[[ DATA RECORDS open ]]

(* Consider the algorithm described in the context, and suppose it does not terminate finitely. Then one of the following two cases occurs. (i) There exists $\bar\tau_{\min}>0$ such that $\tau_k\ge\bar\tau_{\min}$ for all $k\in\mathbb{N}$. In this case $\alpha_k\ge\bar\alpha_{\min}:=\min\{\alpha_0,\ \xi\bar\tau_{\min}/(\bar\tau_{\min}L_g+L_J)\}$ for all $k\in\mathbb{N}$, and for a given $\epsilon>0$ the maximum number of iterations before $\bar\chi_k\le\epsilon$ is $$\Big(\max\Big\{0,\Big\lceil\frac{\log\big(\bar\tau_{\min}/(\alpha_0(\bar\tau_{\min}L_g+L_J))\big)}{\log\xi}\Big\rceil\Big\}+1\Big)\Big\lfloor\frac{\tau_0\big(f(x_0)-f_{\inf}+r(x_0)\big)+\|c(x_0)\|_2}{\bar\kappa_\Phi\epsilon^2}\Big\rfloor,$$ where $\bar\kappa_\Phi:=\eta\min\{\sigma_u\bar\tau_{\min}\bar\alpha_{\min},\ \tfrac{\sigma_c}{2\kappa_c(1+\kappa_{\nabla c}^2)},\ \tfrac{\sigma_c\kappa_v\bar\alpha_{\min}}{2\kappa_c}\}$. (ii) $\lim_{k\to\infty}\tau_k=0$. In this case there exists a subsequence $\mathcal K\subseteq\mathbb{N}$ such that $\lim_{k\in\mathcal K}\|J_k^Tc_k\|_2=0$.
   Context: Problem: $\min_{x\in\mathbb{R}^n} f(x)+r(x)$ subject to $c(x)=0$, where $f:\mathbb{R}^n\to\mathbb{R}$ and $c:\mathbb{R}^n\to\mathbb{R}^m$ ($m\le n$) are continuously differentiable and $r:\mathbb{R}^n\to\mathbb{R}_{\ge 0}$ is convex. Write $g(x)=\nabla f(x)$, $J(x)=\nabla c(x)^T$, and $f_k=f(x_k)$, $g_k=g(x_k)$, $c_k=c(x_k)$, $J_k=J(x_k)$, $r_k=r(x_k)$. All norms are Euclidean (spectral norm for matrices). Merit function: $\Phi_\tau(x)=\tau(f(x)+r(x))+\|c(x)\|_2$. Algorithm: inputs $x_0$, $\alpha_0>0$, $\tau_{-1}>0$; constants $\kappa_v>0$, $\sigma_c,\epsilon_\tau,\xi,\eta\in(0,1)$, $\sigma_u\in(0,1/2]$, $\bar\sigma_u:=\sigma_u+\tfrac12$. For $k=0,1,\dots$: 1. If $J_k^Tc_k\ne0$, compute $v_k$ with $v_k\in\mathrm{Range}(J_k^T)$, $\|v_k\|_2\le\kappa_v\alpha_k\|J_k^Tc_k\|_2$, $\|c_k+J_kv_k\|_2\le\|c_k+J_kv_k^c\|_2$, where $v_k^c=-\beta_k^cJ_k^Tc_k$ with $\beta_k^c$ minimizing $\tfrac12\|c_k-\beta J_kJ_k^Tc_k\|_2^2$ over $0\le\beta\le\kappa_v\alpha_k$. Otherwise set $v_k=0$, and if $c_k\ne0$ terminate. 2. Let $u_k$ be the unique minimizer of $g_k^Tu+\tfrac1{2\alpha_k}\|u\|_2^2+r(x_k+v_k+u)$ subject to $J_ku=0$; set $s_k=v_k+u_k$. If $s_k=0$, terminate. By the optimality conditions there exist $g_{r,k}\in\partial r(x_k+s_k)$ and $y_k\in\mathbb{R}^m$ with $g_k+\tfrac1{\alpha_k}u_k+g_{r,k}-J_k^Ty_k=0$; $g_{r,k},y_k$ denote such vectors. 3. Let $D_k:=g_k^Ts_k+\bar\sigma_u\|s_k\|_2^2/\alpha_k+r(x_k+s_k)-r_k$; $\tau_{k,\mathrm{trial}}=\infty$ if $D_k\le0$, else $\tau_{k,\mathrm{trial}}=(1-\sigma_c)(\|c_k\|_2-\|c_k+J_kv_k\|_2)/D_k$. Set $\tau_k=\tau_{k-1}$ if $\tau_{k-1}\le\tau_{k,\mathrm{trial}}$, else $\tau_k=\min\{(1-\epsilon_\tau)\tau_{k-1},\tau_{k,\mathrm{trial}}\}$. 4. With $\Delta q_k(s,\tau):=-\tau(g_k^Ts+\tfrac1{2\alpha_k}\|s\|_2^2+r(x_k+s)-r_k)+\|c_k\|_2-\|c_k+J_ks\|_2$: if $\Phi_{\tau_k}(x_k+s_k)\le\Phi_{\tau_k}(x_k)-\eta\Delta q_k(s_k,\tau_k)$ set $x_{k+1}=x_k+s_k$, $\alpha_{k+1}=\alpha_k$; else $x_{k+1}=x_k$, $\alpha_{k+1}=\xi\alpha_k$. Measure: $\bar\chi_k:=\max\{\|g_k+g_{r,k}-J_k^Ty_k\|_2,\ \|J_k^Tc_k\|_2\}$. Assumption: there is an open convex set $\mathcal X$ containing all iterates $x_k$ and trial points $x_k+s_k$, and positive constants such that for all $x\in\mathcal X$: $f(x)\ge f_{\inf}$, $\|\nabla f(x)\|_2\le\kappa_{\nabla f}$, $\|c(x)\|_2\le\kappa_c$, $\|J(x)\|_2\le\kappa_{\nabla c}$, every $w\in\partial r(x)$ has $\|w\|_2\le\kappa_{\partial r}$; $\nabla f$ is $L_g$-Lipschitz and $J$ is $L_J$-Lipschitz on $\mathcal X$. (No uniform lower bound on singular values of $J_k$ is assumed.) *)

theory Defs
  imports "HOL-Analysis.Analysis"
begin
(* Let $N\ge1$, $s>0$, $p\in[1,\infty)$, $q\in[1,\infty)$. Then there exists $f\in L^p(\mathbb{R}^N)$ satisfying \[\sup_{0<r<s}(s-r)^{1/q}\|f\|_{\mathbf{B}^r_{p,q}(\mathbb{R}^N)}<\infty\] but $f\notin B^s_{p,\infty}(\mathbb{R}^N)$.
   Context: Subatomic (quarkonial) norm: fix a nonnegative $\psi\in C^\infty_c(\mathbb{R}^N)$ with $\mathrm{supp}\,\psi\subset B_{2^{r_0}}$ for some $r_0\ge0$ and $\sum_{k\in\mathbb{Z}^N}\psi(x-k)=1$ for all $x$, and fix $\varrho>r_0$. For $\beta\in\mathbb{N}^N$ let $\psi^\beta(x)=x^\beta\psi(x)$. For $r>0$, $p\in[1,\infty]$, $\nu\in\mathbb{N}$, $m\in\mathbb{Z}^N$, the $(r,p)$-$\beta$-quark is $(\beta\mathrm{qu})_{\nu,m}(x)=2^{-\nu(r-N/p)}\psi^\beta(2^\nu x-m)$. For coefficients $\lambda=(\lambda^\beta_{\nu,m})$ set $\|\lambda\|_{\varrho,p,q}=\sup_\beta 2^{\varrho|\beta|}\big(\sum_{\nu\ge0}(\sum_m|\lambda^\beta_{\nu,m}|^p)^{q/p}\big)^{1/q}$. Then $\|f\|_{\mathbf{B}^r_{p,q}}$ is the infimum of $\|\lambda\|_{\varrho,p,q}$ over all representations $f=\sum_\beta\sum_{\nu\ge0}\sum_m\lambda^\beta_{\nu,m}(\beta\mathrm{qu})_{\nu,m}$ in $\mathscr{S}'(\mathbb{R}^N)$ (using $(r,p)$-quarks). $B^s_{p,\infty}(\mathbb{R}^N)$ is the set of $f\in L^p$ with $\sup_{h\ne0}|h|^{-s}\|\Delta^M_hf\|_{L^p}<\infty$ for an integer $M>s$, where $\Delta_h^Mf(x)=\sum_{j=0}^M(-1)^{M-j}\binom Mj f(x+jh)$. *)

theory Defs
  imports "HOL-Analysis.Analysis"
begin

definition pdiff :: "'n::finite \<Rightarrow> (real^'n \<Rightarrow> real) \<Rightarrow> (real^'n \<Rightarrow> real)" where
  "pdiff i g = (\<lambda>x. frechet_derivative g (at x) (axis i 1))"

fun pdiffs :: "'n::finite list \<Rightarrow> (real^'n \<Rightarrow> real) \<Rightarrow> (real^'n \<Rightarrow> real)" where
  "pdiffs [] g = g"
| "pdiffs (i # is) g = pdiff i (pdiffs is g)"

definition smooth_fun :: "(real^'n::finite \<Rightarrow> real) \<Rightarrow> bool" where
  "smooth_fun g \<longleftrightarrow> (\<forall>is x. pdiffs is g differentiable (at x))"

definition schwartz :: "(real^'n::finite \<Rightarrow> real) \<Rightarrow> bool" where
  "schwartz \<phi> \<longleftrightarrow> smooth_fun \<phi> \<and>
     (\<forall>is (k::nat). bounded (range (\<lambda>x. (1 + norm x) ^ k * pdiffs is \<phi> x)))"

definition int_vec :: "('n::finite \<Rightarrow> int) \<Rightarrow> real^'n" where
  "int_vec m = (\<chi> i. real_of_int (m i))"

definition admissible_psi :: "(real^'n::finite \<Rightarrow> real) \<Rightarrow> real \<Rightarrow> bool" where
  "admissible_psi \<psi> r0 \<longleftrightarrow> r0 \<ge> 0 \<and> smooth_fun \<psi> \<and> (\<forall>x. \<psi> x \<ge> 0) \<and>
     closure {x. \<psi> x \<noteq> 0} \<subseteq> ball 0 (2 powr r0) \<and>
     (\<forall>x. ((\<lambda>k. \<psi> (x - int_vec k)) has_sum 1) UNIV)"

definition mpow :: "('n::finite \<Rightarrow> nat) \<Rightarrow> real^'n \<Rightarrow> real" where
  "mpow \<beta> x = (\<Prod>i\<in>UNIV. (x $ i) ^ (\<beta> i))"

definition mabs :: "('n::finite \<Rightarrow> nat) \<Rightarrow> nat" where
  "mabs \<beta> = (\<Sum>i\<in>UNIV. \<beta> i)"

definition quark :: "(real^'n::finite \<Rightarrow> real) \<Rightarrow> real \<Rightarrow> real \<Rightarrow> ('n \<Rightarrow> nat) \<Rightarrow> nat \<Rightarrow> ('n \<Rightarrow> int)
    \<Rightarrow> real^'n \<Rightarrow> real" where
  "quark \<psi> r p \<beta> \<nu> m x =
     2 powr (- real \<nu> * (r - real CARD('n) / p)) *
     (let y = (2 ^ \<nu>) *\<^sub>R x - int_vec m in mpow \<beta> y * \<psi> y)"

definition ennpow :: "ennreal \<Rightarrow> real \<Rightarrow> ennreal" where
  "ennpow x a = (if x = \<infinity> then \<infinity> else ennreal (enn2real x powr a))"

definition coef_norm :: "real \<Rightarrow> real \<Rightarrow> real \<Rightarrow> (('n::finite \<Rightarrow> nat) \<Rightarrow> nat \<Rightarrow> ('n \<Rightarrow> int) \<Rightarrow> real) \<Rightarrow> ennreal" where
  "coef_norm \<rho> p q c =
     (SUP \<beta>. ennreal (2 powr (\<rho> * real (mabs \<beta>))) *
        ennpow (nn_integral (count_space UNIV)
          (\<lambda>\<nu>. ennpow (ennpow (nn_integral (count_space UNIV)
                  (\<lambda>m. ennreal (\<bar>c \<beta> \<nu> m\<bar> powr p))) (1/p)) q)) (1/q))"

[[ DATA RECORDS closed ]]

DESCRIPTION OF THE TASK ▸ Show me all lines in the records that contain "ennreal".

COMPLETED TASK ▸
definition ennpow :: "ennreal \<Rightarrow> real \<Rightarrow> ennreal" where
  "ennpow x a = (if x = \<infinity> then \<infinity> else ennreal (enn2real x powr a))"
definition coef_norm :: "real \<Rightarrow> real \<Rightarrow> real \<Rightarrow> (('n::finite \<Rightarrow> nat) \<Rightarrow> nat \<Rightarrow> ('n \<Rightarrow> int) \<Rightarrow> real) \<Rightarrow> ennreal" where
     (SUP \<beta>. ennreal (2 powr (\<rho> * real (mabs \<beta>))) *
                  (\<lambda>m. ennreal (\<bar>c \<beta> \<nu> m\<bar> powr p))) (1/p)) q)) (1/q))"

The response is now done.